What you are asked to do ::
Count every line of the data that includes "dots". State only the number.

Collected data ::
lemma nn_integral_level_weight_le_geometric:
  assumes \<kappa>: "0 \<le> \<kappa>" and \<theta>: "\<rho> < \<theta>" and C: "0 \<le> C" and n: "1 \<le> n"
    and prev: "\<And>m. m < n \<Longrightarrow> base_weight \<kappa> m \<le> ennreal (C * \<theta> ^ m)"
  shows "(\<integral>\<^sup>+x. indicator (level k) x * weight \<kappa> n x \<partial>M)
    \<le> ennreal (\<kappa> * transfer_factor * C / (\<theta> - \<rho>) * \<rho> ^ k * \<theta> ^ n)"
proof -
  have \<theta>0: "0 < \<theta>" using \<theta> rho_nonneg by simp
  have "(\<integral>\<^sup>+x. indicator (level k) x * weight \<kappa> n x \<partial>M)
      \<le> (\<Sum>j=1..n. ennreal \<kappa> * ennreal (transfer_const (k + j)) * base_weight \<kappa> (n - j))"
    by (rule nn_integral_level_weight_le[OF \<kappa> n])
  also have "\<dots> \<le> (\<Sum>j=1..n. ennreal (\<kappa> * (transfer_factor * \<rho> ^ (k + j - 1)) * (C * \<theta> ^ (n - j))))"
  proof (intro sum_mono)
    fix j assume j: "j \<in> {1..n}"
    have "ennreal \<kappa> * ennreal (transfer_const (k + j)) * base_weight \<kappa> (n - j)
        \<le> ennreal \<kappa> * ennreal (transfer_factor * \<rho> ^ (k + j - 1)) * ennreal (C * \<theta> ^ (n - j))"
      using transfer_const_le[of "k + j"] prev[of "n - j"] j by (intro mult_mono ennreal_leI) auto
    then show "ennreal \<kappa> * ennreal (transfer_const (k + j)) * base_weight \<kappa> (n - j)
        \<le> ennreal (\<kappa> * (transfer_factor * \<rho> ^ (k + j - 1)) * (C * \<theta> ^ (n - j)))"
      using \<kappa> C transfer_factor_pos rho_nonneg \<theta>0 by (simp add: ennreal_mult)
  qed
  also have "\<dots> = ennreal (\<Sum>j=1..n. \<kappa> * (transfer_factor * \<rho> ^ (k + j - 1)) * (C * \<theta> ^ (n - j)))"
    using \<kappa> C transfer_factor_pos rho_nonneg \<theta>0 by (intro sum_ennreal) auto
  also have "\<dots> \<le> ennreal (\<kappa> * transfer_factor * C / (\<theta> - \<rho>) * \<rho> ^ k * \<theta> ^ n)"
  proof (intro ennreal_leI)
    have "(\<Sum>j=1..n. \<kappa> * (transfer_factor * \<rho> ^ (k + j - 1)) * (C * \<theta> ^ (n - j)))
        = \<kappa> * transfer_factor * C * \<rho> ^ k * (\<Sum>j=1..n. \<rho> ^ (j - 1) * \<theta> ^ (n - j))"
      unfolding sum_distrib_left
      by (intro sum.cong refl) (auto simp: power_add[symmetric] mult_ac)
    also have "\<dots> \<le> \<kappa> * transfer_factor * C * \<rho> ^ k * (\<theta> ^ n / (\<theta> - \<rho>))"
      using convolution_geometric_le[OF rho_nonneg \<theta>] \<kappa> C transfer_factor_pos rho_nonneg
      by (intro mult_left_mono) auto
    finally show "(\<Sum>j=1..n. \<kappa> * (transfer_factor * \<rho> ^ (k + j - 1)) * (C * \<theta> ^ (n - j)))
        \<le> \<kappa> * transfer_factor * C / (\<theta> - \<rho>) * \<rho> ^ k * \<theta> ^ n"
      by (simp add: field_simps)
  qed
  finally show ?thesis .
qed
lemma r_bounds: "1/2 < r" "r < 1"
  using block_contraction lam_pos lam_less_1 L_pos by (simp_all add: r_def L_def power_less_one_iff)

lemma r_le_power: "s \<le> L \<Longrightarrow> r \<le> lam ^ s"
  unfolding r_def using lam_pos lam_less_1 by (intro power_decreasing) auto

lemma lam_gt_half: "1/2 < lam"
  using r_le_power[of 1] r_bounds L_pos by simp

lemma period_word_le: "period_word x \<le> n"
proof -
  have "balanced_word (n + 1) k x \<le> n"
    by (simp add: balanced_word_def digit_def less_Suc_eq_le)
  then show ?thesis
    using i0 by (simp add: period_word_def Transposition.transpose_def)
qed

lemma period_word_periodic: "period_word (x + L) = period_word x"
  by (simp add: period_word_def L_def balanced_word_periodic)

lemma period_word_initial: "x < k \<Longrightarrow> period_word x = i0"
  by (simp add: period_word_def balanced_word_def digit_def)

lemma period_word_window_count:
  assumes "length b = k" "set b \<subseteq> {0..n}"
  shows "card {x. x < L \<and> (\<forall>i<k. period_word (x + i) = b ! i)} = k"
proof -
  define c where "c i = Transposition.transpose 0 i0 (b ! i)" for i
  have "c i < n + 1" if "i < k" for i
  proof -
    have "b ! i \<in> set b"
      using assms(1) that by simp
    then show ?thesis
      using assms(2) i0 by (auto simp: c_def Transposition.transpose_def)
  qed
  then have "card {x. x < k * (n + 1) ^ k \<and> (\<forall>i<k. balanced_word (n + 1) k (x + i) = c i)} = k"
    by (intro balanced_word_window_count) auto
  moreover have "period_word y = b ! i \<longleftrightarrow> balanced_word (n + 1) k y = c i" for y i
    unfolding period_word_def c_def by (metis transpose_involutory)
  ultimately show ?thesis
    by (simp add: L_def)
qed

lemma period_word_hits:
  assumes "d \<le> n"
  shows "\<exists>x<L. period_word x = d"
proof -
  have "card {x. x < L \<and> (\<forall>i<k. period_word (x + i) = replicate k d ! i)} = k"
    using assms by (intro period_word_window_count) auto
  then have "{x. x < L \<and> (\<forall>i<k. period_word (x + i) = replicate k d ! i)} \<noteq> {}"
    using k_pos by (metis card.empty less_irrefl)
  then obtain x where "x < L" "\<forall>i<k. period_word (x + i) = replicate k d ! i"
    by blast
  then show ?thesis
    using k_pos by (metis add_0_right nth_replicate)
qed

definition block_map :: "nat \<Rightarrow> real \<Rightarrow> real" where
  "block_map e = comp_word S (\<lambda>s. period_word (s + e)) L"

definition fixpoint :: "nat \<Rightarrow> real" where
  "fixpoint e = block_map e 0 / (1 - r)"

lemma block_map_eq: "block_map e y = fixpoint e + r * (y - fixpoint e)"
proof -
  have "(1 - r) * fixpoint e = block_map e 0"
    using r_bounds by (simp add: fixpoint_def)
  moreover have "block_map e y = r * y + block_map e 0"
    by (simp add: block_map_def r_def comp_word_hIFS)
  ultimately show ?thesis
    by (simp add: algebra_simps)
qed

lemma block_map_conj: "block_map 0 (S i0 y) = S i0 (block_map 1 y)"
proof -
  obtain L' where L': "L = Suc L'"
    using L_pos not0_implies_Suc by blast
  have "period_word L = i0"
    using period_word_periodic[of 0] period_word_initial k_pos by simp
  then have "block_map 1 y = comp_word S (\<lambda>s. period_word (Suc s)) L' (S i0 y)"
    by (simp add: block_map_def L')
  moreover have "block_map 0 = S (period_word 0) \<circ> comp_word S (\<lambda>s. period_word (Suc s)) L'"
    using comp_word_add[of S "\<lambda>s. period_word s" 1 L'] by (simp add: block_map_def L')
  ultimately show ?thesis
    using period_word_initial k_pos by simp
qed

lemma fixpoint_0_eq: "fixpoint 0 = S i0 (fixpoint 1)"
proof -
  have "block_map 1 (fixpoint 1) = fixpoint 1"
    by (simp add: block_map_eq)
  then have "block_map 0 (S i0 (fixpoint 1)) = S i0 (fixpoint 1)"
    by (simp add: block_map_conj)
  then have "r * (S i0 (fixpoint 1) - fixpoint 0) = S i0 (fixpoint 1) - fixpoint 0"
    unfolding block_map_eq[of 0] by argo
  then show ?thesis
    using r_bounds by simp
qed

lemma fixpoint_minus_eq_sum:
  "(1 - r) * (fixpoint e - c) = (\<Sum>s<L. (1 - lam) * lam ^ s * (p (period_word (s + e)) - c))"
proof -
  have "(\<Sum>s<L. (1 - lam) * lam ^ s * c) = (\<Sum>s<L. (1 - lam) * lam ^ s) * c"
    by (simp add: sum_distrib_right)
  also have "\<dots> = (1 - r) * c"
    by (simp add: r_def one_diff_power_eq sum_distrib_left)
  finally have "(\<Sum>s<L. (1 - lam) * lam ^ s * (p (period_word (s + e)) - c)) = block_map e 0 - (1 - r) * c"
    by (simp add: block_map_def comp_word_hIFS right_diff_distrib sum_subtractf)
  moreover have "block_map e 0 = (1 - r) * fixpoint e"
    using r_bounds by (simp add: fixpoint_def)
  ultimately show ?thesis
    by (simp add: right_diff_distrib)
qed

lemma fixpoint_1_gt: "m + (1 - lam) * (M - m) < fixpoint 1"
proof -
  obtain x where x: "x < L" "period_word x = i1"
    using period_word_hits i1 by blast
  have "x \<noteq> 0"
  proof
    assume "x = 0"
    then have "i1 = i0"
      using x period_word_initial k_pos by simp
    then show False
      using i0 i1 m_less_M by simp
  qed
  then obtain s0 where s0: "s0 < L" "period_word (s0 + 1) = i1"
    using x by (metis Suc_eq_plus1 Suc_lessD not0_implies_Suc)
  define f where "f s = (1 - lam) * lam ^ s * (p (period_word (s + 1)) - m)" for s
  have "(1 - lam) * (M - m) * r \<le> f s0"
    using s0 i1 r_le_power[of s0] lam_less_1 m_less_M by (simp add: f_def mult_left_mono)
  also have "\<dots> \<le> (\<Sum>s<L. f s)"
    using s0 period_word_le p_between lam_pos lam_less_1
    by (intro member_le_sum) (auto simp: f_def)
  also have "\<dots> = (1 - r) * (fixpoint 1 - m)"
    by (simp add: f_def fixpoint_minus_eq_sum)
  finally have "(1 - lam) * (M - m) * r \<le> (1 - r) * (fixpoint 1 - m)" .
  moreover have "(1 - lam) * (M - m) * (1 - r) < (1 - lam) * (M - m) * r"
    using r_bounds lam_less_1 m_less_M by (intro mult_strict_left_mono) auto
  ultimately have "(1 - r) * ((1 - lam) * (M - m)) < (1 - r) * (fixpoint 1 - m)"
    by (simp add: algebra_simps)
  then show ?thesis
    using r_bounds by (simp add: mult_less_cancel_left_pos)
qed

lemma block_maps_cover:
  assumes "y \<in> {fixpoint 0..fixpoint 1}"
  shows "\<exists>e\<in>{..1}. \<exists>y'\<in>{fixpoint 0..fixpoint 1}. block_map e y' = y"
  using two_contractions_cover[of r "fixpoint 0" y "fixpoint 1"] r_bounds assms
  by (auto simp: block_map_eq)

definition block_sequence :: "(nat \<Rightarrow> nat) \<Rightarrow> nat \<Rightarrow> nat" where
  "block_sequence e j = period_word (j + e (j div L))"

lemma period_word_periodic_mult: "period_word (x + t * L) = period_word x"
proof (induction t)
  case (Suc t)
  have "x + Suc t * L = (x + t * L) + L"
    by simp
  then show ?case
    using Suc period_word_periodic by metis
qed simp

lemma block_sequence_block:
  assumes "s < L"
  shows "block_sequence e (t * L + s) = period_word (s + e t)"
proof -
  have "(t * L + s) div L = t"
    using assms by simp
  then show ?thesis
    using period_word_periodic_mult[of "s + e t" t] by (simp add: block_sequence_def ac_simps)
qed

lemma comp_word_block_sequence:
  assumes "\<forall>t. block_map (e t) (z (Suc t)) = z t"
  shows "comp_word S (block_sequence e) (t * L) (z t) = z 0"
proof (induction t)
  case (Suc t)
  have "comp_word S (\<lambda>j. block_sequence e (t * L + j)) L = block_map (e t)"
    unfolding block_map_def by (rule comp_word_cong) (simp add: block_sequence_block)
  then have "comp_word S (block_sequence e) (t * L + L) (z (Suc t)) = comp_word S (block_sequence e) (t * L) (z t)"
    using assms by (simp add: comp_word_add)
  then show ?case
    using Suc by (simp add: add.commute)
qed simp

lemma block_sequence_window:
  assumes "\<forall>t. e t \<le> 1" "s < L" "i < k"
  shows "block_sequence e (t * L + s + i) = period_word (s + e t + i)"
proof (cases "s + i < L")
  case True
  then show ?thesis
    using block_sequence_block[of "s + i" e t] by (simp add: ac_simps)
next
  case False
  define d where "d = s + i - L"
  have d: "d + 1 < k" "t * L + s + i = Suc t * L + d" "s + e t + i = d + e t + L"
    using assms False by (simp_all add: d_def)
  have "d + e t < k" "d + e (Suc t) < k"
    using d(1) assms(1)[rule_format, of t] assms(1)[rule_format, of "Suc t"] by linarith+
  moreover have "d < L"
    using d(1) k_le_L by simp
  ultimately have "block_sequence e (Suc t * L + d) = period_word (d + e t + L)"
    by (simp only: block_sequence_block period_word_periodic period_word_initial)
  then show ?thesis
    by (simp only: d(2,3))
qed

definition prefixed :: "nat \<Rightarrow> (nat \<Rightarrow> nat) \<Rightarrow> (nat \<Rightarrow> nat) \<Rightarrow> nat \<Rightarrow> nat" where
  "prefixed N0 u e j = (if j < N0 then u j else block_sequence e (j - N0))"

lemma simply_normal_prefixed:
  assumes "\<forall>t. e t \<le> 1"
  shows "simply_normal n k (prefixed N0 u e)"
  unfolding simply_normal_def block_count_def
proof (intro allI impI)
  fix b :: "nat list"
  assume b: "length b = k \<and> set b \<subseteq> {0..n}"
  define P where "P x \<longleftrightarrow> (\<forall>i<k. period_word (x + i) = b ! i)" for x
  have "card {s. s < L \<and> (\<forall>i<length b. prefixed N0 u e (N0 + t * L + s + i) = b ! i)} = k" for t
  proof -
    have "prefixed N0 u e (N0 + t * L + s + i) = period_word (s + e t + i)" if "s < L" "i < k" for s i
      using block_sequence_window[OF assms that] by (simp add: prefixed_def add.assoc)
    then have "{s. s < L \<and> (\<forall>i<length b. prefixed N0 u e (N0 + t * L + s + i) = b ! i)}
        = {s. s < L \<and> P (s + e t)}"
      using b by (auto simp: P_def)
    also have "card \<dots> = card {s. s < L \<and> P s}"
    proof (rule card_periodic_shift)
      have "period_word (x + L + i) = period_word (x + i)" for x i
        using period_word_periodic[of "x + i"] by (simp add: ac_simps)
      then show "\<forall>x. P (x + L) = P x"
        by (simp add: P_def)
    qed
    also have "\<dots> = k"
      using period_word_window_count b by (simp add: P_def)
    finally show ?thesis .
  qed
  then have "(\<lambda>m. real (card {j. j < m \<and> (\<forall>i<length b. prefixed N0 u e (j + i) = b ! i)}) / real m)
      \<longlonglongrightarrow> real k / real L"
    by (intro density_of_periodic_counts[of L _ N0] L_pos) (simp add: add.assoc)
  moreover have "real k / real L = 1 / real (n + 1) ^ k"
    using k_pos by (simp add: L_def)
  ultimately show "(\<lambda>m. real (card {j. j < m \<and> (\<forall>i<length b. prefixed N0 u e (j + i) = b ! i)}) / real m)
      \<longlonglongrightarrow> 1 / real (n + 1) ^ k"
    by simp
qed

lemma coding_prefixed:
  assumes u: "\<forall>j<N0. u j \<le> n" and z: "\<forall>t. z t \<in> {fixpoint 0..fixpoint 1}"
    and orbit: "\<forall>t. block_map (e t) (z (Suc t)) = z t"
  shows "coding S (prefixed N0 u e) = comp_word S u N0 (z 0)"
proof -
  have digits: "\<forall>j. prefixed N0 u e j \<le> n"
    using u period_word_le by (simp add: prefixed_def block_sequence_def)
  have eq: "comp_word S (prefixed N0 u e) (N0 + t * L) (z t) = comp_word S u N0 (z 0)" for t
  proof -
    have "comp_word S (prefixed N0 u e) N0 = comp_word S u N0"
      by (rule comp_word_cong) (simp add: prefixed_def)
    moreover have "(\<lambda>j. prefixed N0 u e (N0 + j)) = block_sequence e"
      by (simp add: prefixed_def)
    ultimately show ?thesis
      using comp_word_block_sequence[OF orbit] by (simp add: comp_word_add)
  qed
  have "strict_mono (\<lambda>t. N0 + t * L)"
    using L_pos by (intro strict_monoI) simp
  moreover have "\<forall>t. \<bar>z t\<bar> \<le> \<bar>fixpoint 0\<bar> + \<bar>fixpoint 1\<bar>"
  proof
    fix t
    have "fixpoint 0 \<le> z t" "z t \<le> fixpoint 1"
      using z by auto
    then show "\<bar>z t\<bar> \<le> \<bar>fixpoint 0\<bar> + \<bar>fixpoint 1\<bar>"
      using abs_ge_self[of "fixpoint 1"] abs_ge_minus_self[of "fixpoint 0"] abs_ge_zero[of "fixpoint 0"]
        abs_ge_zero[of "fixpoint 1"] unfolding abs_le_iff by linarith
  qed
  ultimately have "(\<lambda>t. comp_word S (prefixed N0 u e) (N0 + t * L) (z t))
      \<longlonglongrightarrow> coding S (prefixed N0 u e)"
    using comp_word_hIFS_tendsto_coding[OF digits less_imp_le[OF lam_pos] lam_less_1] by blast
  then have "(\<lambda>t. comp_word S u N0 (z 0)) \<longlonglongrightarrow> coding S (prefixed N0 u e)"
    by (simp only: eq)
  then show ?thesis
    by (simp add: LIMSEQ_const_iff)
qed

lemma reach_from_fixpoint_interval:
  assumes "x \<in> {m<..<M}"
  shows "\<exists>j1 j0. \<exists>y\<in>{fixpoint 0..fixpoint 1}.
    x = comp_word S (\<lambda>_. i1) j1 (comp_word S (\<lambda>_. i0) j0 y)"
proof -
  obtain j1 z where z: "m < z" "z \<le> fixpoint 1" "x = M + lam ^ j1 * (z - M)"
  proof (cases "x \<le> fixpoint 1")
    case True
    then show ?thesis
      using that[of x 0] assms by simp
  next
    case False
    define b where "b = M - (M - fixpoint 1) / lam"
    have "M - fixpoint 1 < lam * (M - m)"
      using fixpoint_1_gt by (simp add: algebra_simps)
    then have "m < b"
      using lam_pos by (simp add: b_def field_simps)
    moreover have "b \<le> x"
    proof -
      have "(M - fixpoint 1) * lam \<le> (M - fixpoint 1) * 1"
        using False assms lam_less_1 by (intro mult_left_mono) auto
      then have "M - fixpoint 1 \<le> (M - fixpoint 1) / lam"
        using lam_pos by (simp add: le_divide_eq)
      then show ?thesis
        using False by (simp add: b_def)
    qed
    moreover have "M + lam * (b - M) = fixpoint 1"
      using lam_pos by (simp add: b_def)
    moreover have "\<exists>j. \<exists>y\<in>{b..M + lam * (b - M)}. x = M + lam ^ j * (y - M)"
      using \<open>b \<le> x\<close> assms lam_pos lam_less_1 by (intro power_contraction_cover_left) auto
    then obtain j y where "y \<in> {b..M + lam * (b - M)}" "x = M + lam ^ j * (y - M)"
      by blast
    ultimately show ?thesis
      using that[of y j] by simp
  qed
  have "m + lam * (fixpoint 1 - m) = fixpoint 0"
    using fixpoint_0_eq i0 by (simp add: hIFS_eq)
  moreover have "\<exists>j. \<exists>y\<in>{m + lam * (fixpoint 1 - m)..fixpoint 1}. z = m + lam ^ j * (y - m)"
    using z lam_pos lam_less_1 by (intro power_contraction_cover) auto
  ultimately obtain j0 y where "y \<in> {fixpoint 0..fixpoint 1}" "z = m + lam ^ j0 * (y - m)"
    by metis
  then show ?thesis
    using z i0 i1 by (intro exI bexI[of _ y]) (auto simp: comp_word_hIFS_const)
qed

Answer box ::
9